The third Goodwill Games will be held from July 23-Aug. 7. About 2,000 athletes from more than 50 countries will participate in the Olympic-style event. New York will host the 1998 Games.
Turner created the first Games in 1986 during a low-point in the Cold War. The United States had boycotted the 1980 Olympics at Moscow and the Soviets retaliated by boycotting the Los Angeles Olympics in 1984.
"The original, most important part of the Games, was to get the U.S. and the Soviet sports teams playing again after the double boycott," he said. "It didn't look like it was ever going to get broken and the Cold War got worse and worse."
The first Goodwill Games were held at Moscow in 1986. The second Games were in 1990 at Seattle. Next year's Games will be the first major international games in post-Soviet Russia.
The first two Goodwill Games lost an estimated $50 million-$60 million between them, Games president Jack Kelly said. He expressed hope that next year's Games would break even.
But Turner, chairman of Cable News Network's parent company, Turner Broadcasting System, Inc., was taking a broader view.
"So far the Games have lost money," he said. "It's very hard when you're in the media business, or in any kind of show business, to know [about losses]. Sometimes you get a lot of psychic value out of doing something that doesn't show in the bottom line when that individual project is looked at.
"It's very difficult. Even I can't tell whether or not the Games have been good for us business-wise.
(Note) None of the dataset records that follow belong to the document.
lemma mat2_det_conj_rotation: "t \<noteq> 0 \<Longrightarrow> mat2_det (conj_rotation t \<phi>) = 1"
  by (simp add: conj_rotation_eq power2_eq_square[symmetric])

lemma lifts_conj_rotation: "t > 0 \<Longrightarrow> lifts (conj_rotation t s) (conj_translation t s)"
  unfolding conj_rotation_def conj_translation_def
  by (rule lifts_conj_shift) (simp_all add: mat2_det_dilation dilation_lift_props)

lemma conj_translation_add: "t > 0 \<Longrightarrow> conj_translation t a \<circ> conj_translation t b = conj_translation t (a + b)"
  and conj_translation_zero: "t > 0 \<Longrightarrow> conj_translation t 0 = id"
  and conj_translation_int_pi: "t > 0 \<Longrightarrow> conj_translation t (of_int m * pi) = translation (of_int m * pi)"
  by (simp_all add: conj_translation_def dilation_lift_props conj_shift_add conj_shift_zero conj_shift_int_pi)

definition gen_lift :: "real \<Rightarrow> real \<Rightarrow> real \<Rightarrow> bool \<Rightarrow> bool \<Rightarrow> real \<Rightarrow> real" where
  "gen_lift a\<^sub>1 a\<^sub>2 t s v =
     (if v then conj_translation t (if s then a\<^sub>2 else - a\<^sub>2) else translation (if s then a\<^sub>1 else - a\<^sub>1))"

definition gen_mat :: "real \<Rightarrow> real \<Rightarrow> real \<Rightarrow> bool \<Rightarrow> bool \<Rightarrow> real mat2" where
  "gen_mat a\<^sub>1 a\<^sub>2 t s v =
     (if v then conj_rotation t (if s then a\<^sub>2 else - a\<^sub>2) else rotation (if s then a\<^sub>1 else - a\<^sub>1))"

lemma word_hom_gen_lift: "t > 0 \<Longrightarrow> word_hom (\<circ>) id (gen_lift a\<^sub>1 a\<^sub>2 t)"
  by unfold_locales
    (auto simp: gen_lift_def conj_translation_add conj_translation_zero translation_add translation_zero)

lemma word_hom_gen_mat: "t > 0 \<Longrightarrow> word_hom mat2_mul mat2_one (gen_mat a\<^sub>1 a\<^sub>2 t)"
  by unfold_locales
    (auto simp: gen_mat_def conj_rotation_add conj_rotation_zero rotation_add rotation_zero mat2_mul_assoc)

definition rep_lift :: "real \<Rightarrow> real \<Rightarrow> real \<Rightarrow> bool word \<Rightarrow> real \<Rightarrow> real" where
  "rep_lift a\<^sub>1 a\<^sub>2 t = word_hom.word_eval (\<circ>) id (gen_lift a\<^sub>1 a\<^sub>2 t)"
Maybe they haven't been. But they haven't hurt us. They've helped us some."
The Games allow athletes to compete in a major international event in the years between Summer Olympics. Turner said athletes remain enthusiastic about the Games - even if Turner Broadcasting shareholders worried about the losses aren't.
Several top athletes have promised to compete next year. They include U.S. track stars Carl Lewis and Jackie Joyner-Kersee, British world champion hurdlers Colin Jackson and Sally Gunnell, and Russia's Olympic gold medal swimmer, Alexander Popov.